VI. DISCUSSION AND CONCLUSION
Using the broadcasting technique introduced in Section III, we reduced the outgoing messages of check nodes to one common message whereas the variable node outgoing messages are left intact. In fact, we can extend the above broadcasting technique to fullbroadcasting where the variable node outgoing messages are also reduced to one common message for an even greater savings in interconnect wires. It can be shown that employing full-broadcasting requires additional inverse check and inverse variable functions and it also requires extra storage elements. Depending on the choice of check and variable update functions there may be cases where this hardware overhead negates the interconnect advantage. Based on the above argument and due to our choice of variable and check functions, we have implemented the broadcast scheme as explained in Section III in the LDPC decoder presented in this work.
Similarly, in the column reordering placement algorithm explained in Section IV, the location of check nodes were fixed while the location of variable nodes were optimized. We have also considered other approaches such as fixing the variable nodes and optimizing the location of check nodes (row reordering). Our experience shows that column reordering results are usually slightly superior to those from row reordering because the number of variable nodes are usually more than check nodes, providing the column reordering with a larger search space, hence better solutions.
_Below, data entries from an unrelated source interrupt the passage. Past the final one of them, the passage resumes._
(* Let $V = V_1 \oplus V_2$ be a finite-dimensional complex vector space, $T = \mathrm{Sym}(V^* )$, $T_i = \mathrm{Sym}(V_i^* ) \subset T$. Let $d \ge 2$, $F_i \in S^d V_i$ for $i=1,2$, and $F = F_1 + F_2 \in S^d V$. Let $l_i \in V_i^*$ with $l_i \notin F_i^\perp$ (the perp ideal of $F_i$ in $T_i$) for $i = 1,2$. Then <ol> <li>$F^\perp + (l_1 + l_2) \subsetneq \big[F_1^\perp + (l_1) + (V_2^* )\big] \cap \big[F_2^\perp + (l_2) + (V_1^* )\big]$ as ideals of $T$;</li> <li>$\dim_{\mathbb{C}} T/(F^\perp + (l_1+l_2)) \ge \dim_{\mathbb{C}} T_1/(F_1^\perp + (l_1)) + \dim_{\mathbb{C}} T_2/(F_2^\perp + (l_2))$.</li> </ol>
   Context: For a complex vector space $W$, $\mathrm{Sym}(W^* )$ acts on $\mathrm{Sym}(W)$ by differentiation. For $G \in S^d W$, the perp ideal is $G^\perp = \{ g \in \mathrm{Sym}(W^* ) : g \cdot G = 0 \}$. $F^\perp$ denotes the perp ideal of $F$ in $T$; $(V_j^* )$ denotes the ideal of $T$ generated by $V_j^*$, and ideals of $T_i$ are regarded in $T$ via $T_i \subset T$ (generating ideals there). *)

theory Defs
  imports Complex_Main "HOL-Library.Poly_Mapping" "HOL-Library.Extended_Nat"
begin

text \<open>Polynomials over \<complex> in the variables of type 'v (a basis of V, resp. the dual basis
of V^*): maps from exponent vectors (monomials) to coefficients.  The same type is used
for Sym(V^*) (operators) and for Sym(V) (forms being differentiated).\<close>

type_synonym 'v mpoly = "('v \<Rightarrow>\<^sub>0 nat) \<Rightarrow>\<^sub>0 complex"

text \<open>Polynomials only involving the variables in X (the subring Sym(W^*) for W spanned by X).\<close>
definition Poly :: "'v set \<Rightarrow> 'v mpoly set" where
  "Poly X = {p :: 'v mpoly. \<forall>m\<in>Poly_Mapping.keys p. Poly_Mapping.keys m \<subseteq> X}"

definition total_deg :: "('v \<Rightarrow>\<^sub>0 nat) \<Rightarrow> nat" where
  "total_deg m = (\<Sum>v\<in>Poly_Mapping.keys m. Poly_Mapping.lookup m v)"

definition Hom :: "'v set \<Rightarrow> nat \<Rightarrow> 'v mpoly set" where
  "Hom X d = {p \<in> Poly X. \<forall>m\<in>Poly_Mapping.keys p. total_deg m = d}"

definition LinForms :: "'v set \<Rightarrow> 'v mpoly set" where
  "LinForms X = Hom X 1"

text \<open>Action of Sym(V^*) on Sym(V) by differentiation:
  \<partial>^\<alpha> y^\<beta> = (\<Prod>_v \<beta>_v!/(\<beta>_v-\<alpha>_v)!) y^(\<beta>-\<alpha>) if \<alpha> \<le> \<beta>, and 0 otherwise;
  extended bilinearly.\<close>
definition act :: "'v mpoly \<Rightarrow> 'v mpoly \<Rightarrow> 'v mpoly" where
  "act g F = (\<Sum>\<alpha>\<in>Poly_Mapping.keys g. \<Sum>\<beta>\<in>Poly_Mapping.keys F.
     if (\<forall>v. Poly_Mapping.lookup \<alpha> v \<le> Poly_Mapping.lookup \<beta> v)
     then Poly_Mapping.single (\<beta> - \<alpha>)
            (Poly_Mapping.lookup g \<alpha> * Poly_Mapping.lookup F \<beta> *
             (\<Prod>v\<in>Poly_Mapping.keys \<beta>. of_nat (fact (Poly_Mapping.lookup \<beta> v)) / of_nat (fact (Poly_Mapping.lookup \<beta> v - Poly_Mapping.lookup \<alpha> v))))
     else 0)"

definition perp :: "'v set \<Rightarrow> 'v mpoly \<Rightarrow> 'v mpoly set" where
  "perp X F = {g \<in> Poly X. act g F = 0}"

definition ideal_gen :: "'v set \<Rightarrow> 'v mpoly set \<Rightarrow> 'v mpoly set" where
  "ideal_gen X G = {p. \<exists>A f. finite A \<and> A \<subseteq> G \<and> (\<forall>a\<in>A. f a \<in> Poly X) \<and> p = (\<Sum>a\<in>A. f a * a)}"

text \<open>\<complex>-linear span (scalar multiplication = multiplication by a constant polynomial).\<close>
definition cspan :: "'v mpoly set \<Rightarrow> 'v mpoly set" where
  "cspan S = {p. \<exists>c. p = (\<Sum>s\<in>S. Poly_Mapping.single 0 (c s) * s)}"

text \<open>dim_\<complex> (R / I): least size of a finite subset of R spanning R modulo I
  (\<infinity> if there is none).\<close>
definition spans_mod :: "'v mpoly set \<Rightarrow> 'v mpoly set \<Rightarrow> 'v mpoly set \<Rightarrow> bool" where
  "spans_mod R I S \<longleftrightarrow> finite S \<and> S \<subseteq> R \<and> R \<subseteq> {s + i | s i. s \<in> cspan S \<and> i \<in> I}"

definition quot_dim :: "'v mpoly set \<Rightarrow> 'v mpoly set \<Rightarrow> enat" where
  "quot_dim R I = (if \<exists>S. spans_mod R I S
     then enat (LEAST n. \<exists>S. spans_mod R I S \<and> card S = n) else \<infinity>)"

end

theory Submission
  imports Defs
begin

text \<open>
  Setting the variables of \<open>V\<^sub>2\<close> to zero is a ring homomorphism \<open>T \<rightarrow> T\<^sub>1\<close>, and it maps
  \<open>I = F\<^sup>\<perp> + (l\<^sub>1 + l\<^sub>2)\<close> into \<open>I\<^sub>1 = F\<^sub>1\<^sup>\<perp> + (l\<^sub>1)\<close>: for \<open>g \<in> F\<^sup>\<perp>\<close> the form
  \<open>g F\<^sub>1 = - g F\<^sub>2\<close> lies in both \<open>Sym(V\<^sub>1)\<close> and \<open>Sym(V\<^sub>2)\<close>, so it is a constant \<open>c\<close>; as
  \<open>l\<^sub>1 F\<^sub>1 \<noteq> 0\<close> there is \<open>h \<in> T\<^sub>1\<close> with \<open>h l\<^sub>1 F\<^sub>1 = 1\<close>, whence the restriction of \<open>g\<close>
  minus \<open>c h l\<^sub>1\<close> lies in \<open>F\<^sub>1\<^sup>\<perp>\<close>. Since \<open>g\<close> minus its restriction lies in \<open>(V\<^sub>2\<^sup>*)\<close>, this
  gives the inclusion. It is strict: \<open>l\<^sub>1\<close> lies in both ideals on the right, but
  \<open>H = h\<^sub>1 F\<^sub>1 - h\<^sub>2 F\<^sub>2 = (h\<^sub>1 - h\<^sub>2) F\<close> is annihilated by \<open>I\<close> while \<open>l\<^sub>1 H = 1\<close>.

  For the dimension bound, take a basis of \<open>T\<^sub>1/I\<^sub>1\<close> and a basis of \<open>T\<^sub>2/I\<^sub>2\<close> containing
  \<open>1\<close>. The first, the second without \<open>1\<close>, and \<open>l\<^sub>1\<close> are linearly independent modulo \<open>I\<close>:
  projecting a relation to \<open>T\<^sub>2\<close> and then to \<open>T\<^sub>1\<close> kills its coefficients one group at a time.
\<close>

abbreviation lookup :: "('a \<Rightarrow>\<^sub>0 'b::zero) \<Rightarrow> 'a \<Rightarrow> 'b"
  where "lookup \<equiv> Poly_Mapping.lookup"
abbreviation keys :: "('a \<Rightarrow>\<^sub>0 'b::zero) \<Rightarrow> 'a set"
  where "keys \<equiv> Poly_Mapping.keys"
abbreviation single :: "'a \<Rightarrow> 'b \<Rightarrow> 'a \<Rightarrow>\<^sub>0 'b::zero"
  where "single \<equiv> Poly_Mapping.single"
Still, if for any reason the order of variable nodes has to be kept unchanged, then row ordering can replace column reordering. The second option is to optimize the location of both check and variable nodes simultaneously. We did not choose this approach because it makes the processing time impractical and in fact we do not expect to get any significant improvement compared to our column reordering results.
The broadcasting architecture and column reordering algorithm proposed in this paper addressed the interconnect problem in the design of parallel high throughput LDPC decoders. The broadcasting technique reduced check-to-variable wires by more than 40% in our 2048-bit example. In addition, the maximum length of top-level wires were reduced by 37% using the column reordering placement algorithm. We implemented a 3.2 Gbit/sec 2048-bit RS-based LDPC decoder in a 0.18µm CMOS process using the above techniques. The performance of this parallel decoder illustrates the effectiveness of our proposed approaches.